The response must consist of every line of the listing, reproduced verbatim.

START Data for review

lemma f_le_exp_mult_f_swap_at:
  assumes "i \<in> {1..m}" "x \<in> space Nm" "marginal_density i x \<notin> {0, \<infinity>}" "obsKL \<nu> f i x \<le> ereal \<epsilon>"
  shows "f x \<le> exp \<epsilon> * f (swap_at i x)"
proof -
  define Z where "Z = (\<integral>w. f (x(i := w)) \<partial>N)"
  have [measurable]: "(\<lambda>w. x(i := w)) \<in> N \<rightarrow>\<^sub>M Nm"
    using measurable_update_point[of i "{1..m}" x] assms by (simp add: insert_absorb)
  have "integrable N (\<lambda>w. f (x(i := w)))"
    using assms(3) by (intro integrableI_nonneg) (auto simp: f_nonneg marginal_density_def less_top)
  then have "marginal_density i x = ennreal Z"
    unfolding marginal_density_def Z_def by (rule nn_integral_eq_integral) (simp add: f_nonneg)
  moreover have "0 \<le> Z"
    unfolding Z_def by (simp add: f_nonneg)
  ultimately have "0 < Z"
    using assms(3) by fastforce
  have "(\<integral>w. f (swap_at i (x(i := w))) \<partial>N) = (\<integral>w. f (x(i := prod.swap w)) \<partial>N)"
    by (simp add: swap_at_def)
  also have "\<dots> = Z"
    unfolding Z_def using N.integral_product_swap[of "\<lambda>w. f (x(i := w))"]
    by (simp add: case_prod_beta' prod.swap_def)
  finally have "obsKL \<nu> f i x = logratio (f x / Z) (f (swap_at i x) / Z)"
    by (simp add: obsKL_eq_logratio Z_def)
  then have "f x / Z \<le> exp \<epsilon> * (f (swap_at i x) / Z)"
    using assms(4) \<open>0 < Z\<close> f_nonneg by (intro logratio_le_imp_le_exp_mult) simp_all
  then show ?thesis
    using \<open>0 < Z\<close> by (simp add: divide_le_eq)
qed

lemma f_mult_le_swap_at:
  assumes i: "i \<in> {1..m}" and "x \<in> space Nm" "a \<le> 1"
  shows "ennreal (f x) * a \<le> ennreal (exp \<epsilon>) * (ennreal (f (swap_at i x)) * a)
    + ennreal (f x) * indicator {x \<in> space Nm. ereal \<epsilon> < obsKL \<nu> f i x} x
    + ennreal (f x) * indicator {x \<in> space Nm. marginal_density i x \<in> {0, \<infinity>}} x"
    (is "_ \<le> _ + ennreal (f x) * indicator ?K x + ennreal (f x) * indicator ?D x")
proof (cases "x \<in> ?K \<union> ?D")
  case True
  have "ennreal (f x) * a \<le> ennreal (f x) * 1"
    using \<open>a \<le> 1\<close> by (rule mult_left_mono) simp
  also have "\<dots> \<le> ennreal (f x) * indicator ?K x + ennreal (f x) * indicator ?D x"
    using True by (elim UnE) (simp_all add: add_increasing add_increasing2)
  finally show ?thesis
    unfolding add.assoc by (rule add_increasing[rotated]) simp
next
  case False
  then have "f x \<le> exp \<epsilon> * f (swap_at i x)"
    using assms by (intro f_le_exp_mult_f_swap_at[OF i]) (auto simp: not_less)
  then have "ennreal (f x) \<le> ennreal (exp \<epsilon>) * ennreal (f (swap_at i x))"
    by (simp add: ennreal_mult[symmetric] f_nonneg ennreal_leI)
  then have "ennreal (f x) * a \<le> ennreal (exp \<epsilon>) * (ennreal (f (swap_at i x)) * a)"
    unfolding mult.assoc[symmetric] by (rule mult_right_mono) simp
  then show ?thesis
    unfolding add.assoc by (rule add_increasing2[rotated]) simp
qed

END Data for review

Response box:
lemma f_le_exp_mult_f_swap_at:
  assumes "i \<in> {1..m}" "x \<in> space Nm" "marginal_density i x \<notin> {0, \<infinity>}" "obsKL \<nu> f i x \<le> ereal \<epsilon>"
  shows "f x \<le> exp \<epsilon> * f (swap_at i x)"
proof -
  define Z where "Z = (\<integral>w. f (x(i := w)) \<partial>N)"
  have [measurable]: "(\<lambda>w. x(i := w)) \<in> N \<rightarrow>\<^sub>M Nm"
    using measurable_update_point[of i "{1..m}" x] assms by (simp add: insert_absorb)
  have "integrable N (\<lambda>w. f (x(i := w)))"
    using assms(3) by (intro integrableI_nonneg) (auto simp: f_nonneg marginal_density_def less_top)
  then have "marginal_density i x = ennreal Z"
    unfolding marginal_density_def Z_def by (rule nn_integral_eq_integral) (simp add: f_nonneg)
  moreover have "0 \<le> Z"
    unfolding Z_def by (simp add: f_nonneg)
  ultimately have "0 < Z"
    using assms(3) by fastforce
  have "(\<integral>w. f (swap_at i (x(i := w))) \<partial>N) = (\<integral>w. f (x(i := prod.swap w)) \<partial>N)"
    by (simp add: swap_at_def)
  also have "\<dots> = Z"
    unfolding Z_def using N.integral_product_swap[of "\<lambda>w. f (x(i := w))"]
    by (simp add: case_prod_beta' prod.swap_def)
  finally have "obsKL \<nu> f i x = logratio (f x / Z) (f (swap_at i x) / Z)"
    by (simp add: obsKL_eq_logratio Z_def)
  then have "f x / Z \<le> exp \<epsilon> * (f (swap_at i x) / Z)"
    using assms(4) \<open>0 < Z\<close> f_nonneg by (intro logratio_le_imp_le_exp_mult) simp_all
  then show ?thesis
    using \<open>0 < Z\<close> by (simp add: divide_le_eq)
qed

lemma f_mult_le_swap_at:
  assumes i: "i \<in> {1..m}" and "x \<in> space Nm" "a \<le> 1"
  shows "ennreal (f x) * a \<le> ennreal (exp \<epsilon>) * (ennreal (f (swap_at i x)) * a)
    + ennreal (f x) * indicator {x \<in> space Nm. ereal \<epsilon> < obsKL \<nu> f i x} x
    + ennreal (f x) * indicator {x \<in> space Nm. marginal_density i x \<in> {0, \<infinity>}} x"
    (is "_ \<le> _ + ennreal (f x) * indicator ?K x + ennreal (f x) * indicator ?D x")
proof (cases "x \<in> ?K \<union> ?D")
  case True
  have "ennreal (f x) * a \<le> ennreal (f x) * 1"
    using \<open>a \<le> 1\<close> by (rule mult_left_mono) simp
  also have "\<dots> \<le> ennreal (f x) * indicator ?K x + ennreal (f x) * indicator ?D x"
    using True by (elim UnE) (simp_all add: add_increasing add_increasing2)
  finally show ?thesis
    unfolding add.assoc by (rule add_increasing[rotated]) simp
next
  case False
  then have "f x \<le> exp \<epsilon> * f (swap_at i x)"
    using assms by (intro f_le_exp_mult_f_swap_at[OF i]) (auto simp: not_less)
  then have "ennreal (f x) \<le> ennreal (exp \<epsilon>) * ennreal (f (swap_at i x))"
    by (simp add: ennreal_mult[symmetric] f_nonneg ennreal_leI)
  then have "ennreal (f x) * a \<le> ennreal (exp \<epsilon>) * (ennreal (f (swap_at i x)) * a)"
    unfolding mult.assoc[symmetric] by (rule mult_right_mono) simp
  then show ?thesis
    unfolding add.assoc by (rule add_increasing2[rotated]) simp
qed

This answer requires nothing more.